**The data**
(* Let $p$ be a probability density on $\mathbb{R}^d$ that is log-concave, strictly positive on $\mathbb{R}^d$, and three times differentiable with $\sup_x\|\nabla^3\ln p(x)\|_F<\infty$. Let $\tau>0$, $y\in\mathbb{R}^d$, $F(x):=\tfrac12\|y-x\|^2-\tau\ln p(x)$ and, for $\sigma>0$, $F_\sigma(x):=\tfrac12\|y-x\|^2-\tau\ln p_\sigma(x)$. Let $\mathrm{prox}_{-\tau\ln p}(y):=\arg\min F$ and $\mathrm{prox}_{-\tau\ln p_\sigma}(y):=\arg\min F_\sigma$. Then $\mathrm{prox}_{-\tau\ln p_\sigma}(y)\to\mathrm{prox}_{-\tau\ln p}(y)$ as $\sigma\to0$.
   Context: For $\sigma>0$, $p_\sigma$ denotes the density of $X+\sigma\varepsilon$ where $X\sim p$ and $\varepsilon\sim\mathcal N(0,I_d)$ are independent. For a tensor $A\in\mathbb{R}^{d\times d\times d}$, $\|A\|_F=(\sum_{i,j,k}A_{ijk}^2)^{1/2}$. Both $F$ and $F_\sigma$ are strongly convex, so the minimisers are unique. *)

theory Defs
  imports "HOL-Analysis.Analysis" "HOL-Probability.Probability"
begin

definition gauss_density :: "real \<Rightarrow> 'a::euclidean_space \<Rightarrow> real" where
  "gauss_density \<sigma> w = (2 * pi * \<sigma>\<^sup>2) powr (- real DIM('a) / 2) * exp (- (norm w)\<^sup>2 / (2 * \<sigma>\<^sup>2))"

text \<open>p_sigma: density of X + sigma*eps with X ~ p, eps ~ N(0,I) independent,
  i.e. the convolution of p with the N(0, sigma^2 I) density.\<close>
definition smoothed_density :: "('a::euclidean_space \<Rightarrow> real) \<Rightarrow> real \<Rightarrow> 'a \<Rightarrow> real" where
  "smoothed_density p \<sigma> x = (\<integral>z. p z * gauss_density \<sigma> (x - z) \<partial>lborel)"

text \<open>g is three times (Frechet) differentiable on the whole space, with gradient G1,
  Hessian H (H x v = Hessian at x applied to v) and third derivative T
  (T x h v = derivative of the Hessian at x in direction h, applied to v), and the
  Frobenius norm of the third-derivative tensor is bounded uniformly in x.\<close>
definition thrice_diff_bdd_third :: "('a::euclidean_space \<Rightarrow> real) \<Rightarrow> bool" where
  "thrice_diff_bdd_third g \<longleftrightarrow>
    (\<exists>G1 H T.
      (\<forall>x. (g has_derivative (\<lambda>h. G1 x \<bullet> h)) (at x)) \<and>
      (\<forall>x. (G1 has_derivative H x) (at x)) \<and>
      (\<forall>x v. ((\<lambda>y. H y v) has_derivative (\<lambda>h. T x h v)) (at x)) \<and>
      (\<exists>M. \<forall>x. sqrt (\<Sum>i\<in>Basis. \<Sum>j\<in>Basis. \<Sum>k\<in>Basis. (T x i j \<bullet> k)\<^sup>2) \<le> M))"

definition prox :: "real \<Rightarrow> ('a::euclidean_space \<Rightarrow> real) \<Rightarrow> 'a \<Rightarrow> 'a" where
  "prox \<tau> \<phi> y = arg_min (\<lambda>x. (1/2) * (norm (y - x))\<^sup>2 + \<tau> * \<phi> x) (\<lambda>_. True)"

end

theory Submission
  imports Defs
begin

text \<open>Let \<open>x\<^sub>0\<close> be the proximal point of \<open>-\<tau> ln p\<close> and \<open>g\<close> the gradient of \<open>ln p\<close> at \<open>x\<^sub>0\<close>,
  so that \<open>x\<^sub>0 - y = \<tau> g\<close>. Log-concavity puts \<open>p\<close> below its tangent exponential
  \<open>p(x\<^sub>0) exp (g \<bullet> (z - x\<^sub>0))\<close>, and by the Gaussian moment generating function convolution
  only costs this bound a factor \<open>exp (\<sigma>\<^sup>2 |g|\<^sup>2 / 2)\<close>. Together with the optimality condition
  this gives \<open>F\<^sub>\<sigma>(x) \<ge> F(x\<^sub>0) + |x - x\<^sub>0|\<^sup>2 / 2 - \<tau> \<sigma>\<^sup>2 |g|\<^sup>2 / 2\<close> for all \<open>x\<close>. Evaluating \<open>F\<^sub>\<sigma>\<close>
  at its own minimiser and comparing with \<open>F\<^sub>\<sigma>(x\<^sub>0)\<close>, which is asymptotically at most \<open>F(x\<^sub>0)\<close>
  because \<open>p\<close> is continuous at \<open>x\<^sub>0\<close>, forces \<open>|x\<^sub>\<sigma> - x\<^sub>0| \<rightarrow> 0\<close>.\<close>

section \<open>Gaussian moment generating function\<close>

lemma power2_norm_eq_sum_Basis: "(norm (u::'a::euclidean_space))\<^sup>2 = (\<Sum>b\<in>Basis. (u \<bullet> b)\<^sup>2)"
  unfolding power2_norm_eq_inner by (subst euclidean_inner) (simp add: power2_eq_square)

lemma nn_integral_exp_linear_times_gaussian:
  fixes \<sigma> a m :: real
  assumes "\<sigma> > 0"
  shows "(\<integral>\<^sup>+t. ennreal (exp (a*t - (t - m)\<^sup>2/(2*\<sigma>\<^sup>2))) \<partial>lborel)
         = ennreal (sqrt (2*pi*\<sigma>\<^sup>2) * exp (a*m + \<sigma>\<^sup>2*a\<^sup>2/2))"
proof -
  let ?c = "sqrt (2*pi*\<sigma>\<^sup>2) * exp (a*m + \<sigma>\<^sup>2*a\<^sup>2/2)"
  \<comment> \<open>completing the square: the integrand is \<open>?c\<close> times the normal density centred at \<open>m + a \<sigma>\<^sup>2\<close>\<close>
  have eq: "exp (a*t - (t - m)\<^sup>2/(2*\<sigma>\<^sup>2)) = ?c * normal_density (m + a*\<sigma>\<^sup>2) \<sigma> t" for t
  proof -
    have e: "a*t - (t - m)\<^sup>2/(2*\<sigma>\<^sup>2) = (a*m + \<sigma>\<^sup>2*a\<^sup>2/2) + (-(t - (m + a*\<sigma>\<^sup>2))\<^sup>2/(2*\<sigma>\<^sup>2))"
      using assms by (simp add: field_simps power2_eq_square)
    have "sqrt (2*pi*\<sigma>\<^sup>2) > 0" using assms by simp
    then show ?thesis using assms unfolding normal_density_def e exp_add by (simp add: field_simps)
  qed
  have "(\<integral>\<^sup>+t. ennreal (exp (a*t - (t - m)\<^sup>2/(2*\<sigma>\<^sup>2))) \<partial>lborel)
      = ennreal ?c * (\<integral>\<^sup>+t. ennreal (normal_density (m + a*\<sigma>\<^sup>2) \<sigma> t) \<partial>lborel)"
    unfolding eq by (subst nn_integral_cmult[symmetric]) (auto simp: ennreal_mult)
  also have "(\<integral>\<^sup>+t. ennreal (normal_density (m + a*\<sigma>\<^sup>2) \<sigma> t) \<partial>lborel) = 1"
    using integrable_normal_density[OF assms] integral_normal_density[OF assms]
    by (subst nn_integral_eq_integral) auto
  finally show ?thesis by simp
qed

lemma exp_inner_times_gauss_density_eq_prod:
  fixes x z :: "'a::euclidean_space"
  assumes "\<sigma> > 0"
  shows "exp (g \<bullet> z) * gauss_density \<sigma> (x - z) =
    (\<Prod>b\<in>Basis. (2*pi*\<sigma>\<^sup>2) powr (-1/2) * exp ((g\<bullet>b) * (z\<bullet>b) - ((z\<bullet>b) - (x\<bullet>b))\<^sup>2/(2*\<sigma>\<^sup>2)))"
proof -
  have "(\<Prod>b\<in>Basis. (2*pi*\<sigma>\<^sup>2) powr (-1/2) * exp ((g\<bullet>b) * (z\<bullet>b) - ((z\<bullet>b) - (x\<bullet>b))\<^sup>2/(2*\<sigma>\<^sup>2)))
     = ((2*pi*\<sigma>\<^sup>2) powr (-1/2)) ^ DIM('a) * exp (\<Sum>b\<in>Basis. (g\<bullet>b) * (z\<bullet>b) - ((z\<bullet>b) - (x\<bullet>b))\<^sup>2/(2*\<sigma>\<^sup>2))"
    by (simp add: prod.distrib exp_sum)
  also have "((2*pi*\<sigma>\<^sup>2) powr (-1/2)) ^ DIM('a) = ((2*pi*\<sigma>\<^sup>2) powr (-1/2)) powr (real DIM('a))"
    using assms by (subst powr_realpow) auto
  also have "\<dots> = (2*pi*\<sigma>\<^sup>2) powr (- real DIM('a) / 2)"
    by (simp add: powr_powr)
  also have "(\<Sum>b\<in>Basis. (g\<bullet>b) * (z\<bullet>b) - ((z\<bullet>b) - (x\<bullet>b))\<^sup>2/(2*\<sigma>\<^sup>2))
      = g \<bullet> z - (norm (x - z))\<^sup>2 / (2*\<sigma>\<^sup>2)"
  proof -
    have "(norm (x - z))\<^sup>2 = (\<Sum>b\<in>Basis. ((z\<bullet>b) - (x\<bullet>b))\<^sup>2)"
      unfolding power2_norm_eq_sum_Basis[of "x - z"] by (simp add: inner_diff_left power2_commute)
    then show ?thesis
      by (simp add: euclidean_inner[of g z] sum_subtractf sum_divide_distrib)
  qed
  finally show ?thesis unfolding gauss_density_def by (simp add: exp_diff exp_minus field_simps)
qed

lemma nn_integral_exp_inner_times_gauss_density:
  fixes x g :: "'a::euclidean_space"
  assumes "\<sigma> > 0"
  shows "(\<integral>\<^sup>+z. ennreal (exp (g \<bullet> z) * gauss_density \<sigma> (x - z)) \<partial>lborel)
     = ennreal (exp (g \<bullet> x + \<sigma>\<^sup>2 * (norm g)\<^sup>2 / 2))"
proof -
  define f where "f b t = ennreal ((2*pi*\<sigma>\<^sup>2) powr (-1/2) * exp ((g\<bullet>b) * t - (t - (x\<bullet>b))\<^sup>2/(2*\<sigma>\<^sup>2)))" for b t
  have c: "(2*pi*\<sigma>\<^sup>2) powr (-1/2) * sqrt (2*pi*\<sigma>\<^sup>2) = 1"
    using assms by (simp add: powr_half_sqrt[symmetric] powr_add[symmetric])
  have "(\<integral>\<^sup>+z. ennreal (exp (g \<bullet> z) * gauss_density \<sigma> (x - z)) \<partial>lborel)
      = (\<integral>\<^sup>+z. (\<Prod>b\<in>Basis. f b (z \<bullet> b)) \<partial>lborel)"
    unfolding exp_inner_times_gauss_density_eq_prod[OF assms] f_def
    by (subst prod_ennreal) auto
  also have "\<dots> = (\<Prod>b\<in>Basis. (\<integral>\<^sup>+t. f b t \<partial>lborel))"
    by (rule nn_integral_lborel_prod) (auto simp: f_def)
  also have "\<dots> = (\<Prod>b\<in>Basis. ennreal (exp ((g\<bullet>b) * (x\<bullet>b) + \<sigma>\<^sup>2 * (g\<bullet>b)\<^sup>2/2)))"
  proof (rule prod.cong[OF refl])
    fix b :: 'a
    have "(\<integral>\<^sup>+t. f b t \<partial>lborel) = ennreal ((2*pi*\<sigma>\<^sup>2) powr (-1/2)) *
        (\<integral>\<^sup>+t. ennreal (exp ((g\<bullet>b) * t - (t - (x\<bullet>b))\<^sup>2/(2*\<sigma>\<^sup>2))) \<partial>lborel)"
      unfolding f_def by (subst nn_integral_cmult[symmetric]) (auto simp: ennreal_mult)
    also have "\<dots> = ennreal ((2*pi*\<sigma>\<^sup>2) powr (-1/2) * sqrt (2*pi*\<sigma>\<^sup>2) * exp ((g\<bullet>b) * (x\<bullet>b) + \<sigma>\<^sup>2 * (g\<bullet>b)\<^sup>2/2))"
      unfolding nn_integral_exp_linear_times_gaussian[OF assms] by (simp add: ennreal_mult mult.assoc)
    also have "\<dots> = ennreal (exp ((g\<bullet>b) * (x\<bullet>b) + \<sigma>\<^sup>2 * (g\<bullet>b)\<^sup>2/2))"
      unfolding c by simp
    finally show "(\<integral>\<^sup>+t. f b t \<partial>lborel) = ennreal (exp ((g\<bullet>b) * (x\<bullet>b) + \<sigma>\<^sup>2 * (g\<bullet>b)\<^sup>2/2))" .
  qed
  also have "\<dots> = ennreal (exp (\<Sum>b\<in>Basis. (g\<bullet>b) * (x\<bullet>b) + \<sigma>\<^sup>2 * (g\<bullet>b)\<^sup>2/2))"
    by (simp add: prod_ennreal exp_sum)
  also have "(\<Sum>b\<in>Basis. (g\<bullet>b) * (x\<bullet>b) + \<sigma>\<^sup>2 * (g\<bullet>b)\<^sup>2/2) = g \<bullet> x + \<sigma>\<^sup>2 * (norm g)\<^sup>2 / 2"
    by (simp add: sum.distrib euclidean_inner[of g x] power2_norm_eq_sum_Basis[of g]
        sum_divide_distrib[symmetric] sum_distrib_left[symmetric])
  finally show ?thesis .
qed

lemma gauss_density_nonneg: "gauss_density \<sigma> w \<ge> 0"
  unfolding gauss_density_def by simp

lemma gauss_density_le: "gauss_density \<sigma> (w::'a::euclidean_space) \<le> (2 * pi * \<sigma>\<^sup>2) powr (- real DIM('a) / 2)"
  unfolding gauss_density_def by (rule mult_left_le) auto

lemma norm_times_gauss_density_le:
  "norm (a * gauss_density \<sigma> (w::'a::euclidean_space)) \<le> (2 * pi * \<sigma>\<^sup>2) powr (- real DIM('a) / 2) * norm a"
proof -
  have "\<bar>a\<bar> * gauss_density \<sigma> w \<le> \<bar>a\<bar> * (2 * pi * \<sigma>\<^sup>2) powr (- real DIM('a) / 2)"
    by (rule mult_left_mono[OF gauss_density_le]) simp
  then show ?thesis by (simp add: abs_mult gauss_density_nonneg mult.commute)
qed

lemma continuous_on_gauss_density: "continuous_on UNIV (gauss_density \<sigma> :: 'a::euclidean_space \<Rightarrow> real)"
  unfolding gauss_density_def[abs_def] divide_inverse by (intro continuous_intros)

lemma borel_measurable_gauss_density[measurable]:
  "gauss_density \<sigma> \<in> (borel_measurable borel :: ('a::euclidean_space \<Rightarrow> real) set)"
  using continuous_on_gauss_density by (rule borel_measurable_continuous_onI)

lemma has_bochner_integral_exp_inner_times_gauss_density:
  fixes x g :: "'a::euclidean_space"
  assumes "\<sigma> > 0"
  shows "has_bochner_integral lborel (\<lambda>z. exp (g \<bullet> z) * gauss_density \<sigma> (x - z))
           (exp (g \<bullet> x + \<sigma>\<^sup>2 * (norm g)\<^sup>2 / 2))"
  by (rule has_bochner_integral_nn_integral)
     (auto simp: gauss_density_nonneg nn_integral_exp_inner_times_gauss_density[OF assms])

**What is expected**
Produce a word-for-word copy of everything above from the line holding "fix b :: 'a" down to the line holding "(g\<bullet>b)\<^sup>2/2) = g", with both of those lines kept.

**Solved problem**
    fix b :: 'a
    have "(\<integral>\<^sup>+t. f b t \<partial>lborel) = ennreal ((2*pi*\<sigma>\<^sup>2) powr (-1/2)) *
        (\<integral>\<^sup>+t. ennreal (exp ((g\<bullet>b) * t - (t - (x\<bullet>b))\<^sup>2/(2*\<sigma>\<^sup>2))) \<partial>lborel)"
      unfolding f_def by (subst nn_integral_cmult[symmetric]) (auto simp: ennreal_mult)
    also have "\<dots> = ennreal ((2*pi*\<sigma>\<^sup>2) powr (-1/2) * sqrt (2*pi*\<sigma>\<^sup>2) * exp ((g\<bullet>b) * (x\<bullet>b) + \<sigma>\<^sup>2 * (g\<bullet>b)\<^sup>2/2))"
      unfolding nn_integral_exp_linear_times_gaussian[OF assms] by (simp add: ennreal_mult mult.assoc)
    also have "\<dots> = ennreal (exp ((g\<bullet>b) * (x\<bullet>b) + \<sigma>\<^sup>2 * (g\<bullet>b)\<^sup>2/2))"
      unfolding c by simp
    finally show "(\<integral>\<^sup>+t. f b t \<partial>lborel) = ennreal (exp ((g\<bullet>b) * (x\<bullet>b) + \<sigma>\<^sup>2 * (g\<bullet>b)\<^sup>2/2))" .
  qed
  also have "\<dots> = ennreal (exp (\<Sum>b\<in>Basis. (g\<bullet>b) * (x\<bullet>b) + \<sigma>\<^sup>2 * (g\<bullet>b)\<^sup>2/2))"
    by (simp add: prod_ennreal exp_sum)
  also have "(\<Sum>b\<in>Basis. (g\<bullet>b) * (x\<bullet>b) + \<sigma>\<^sup>2 * (g\<bullet>b)\<^sup>2/2) = g \<bullet> x + \<sigma>\<^sup>2 * (norm g)\<^sup>2 / 2"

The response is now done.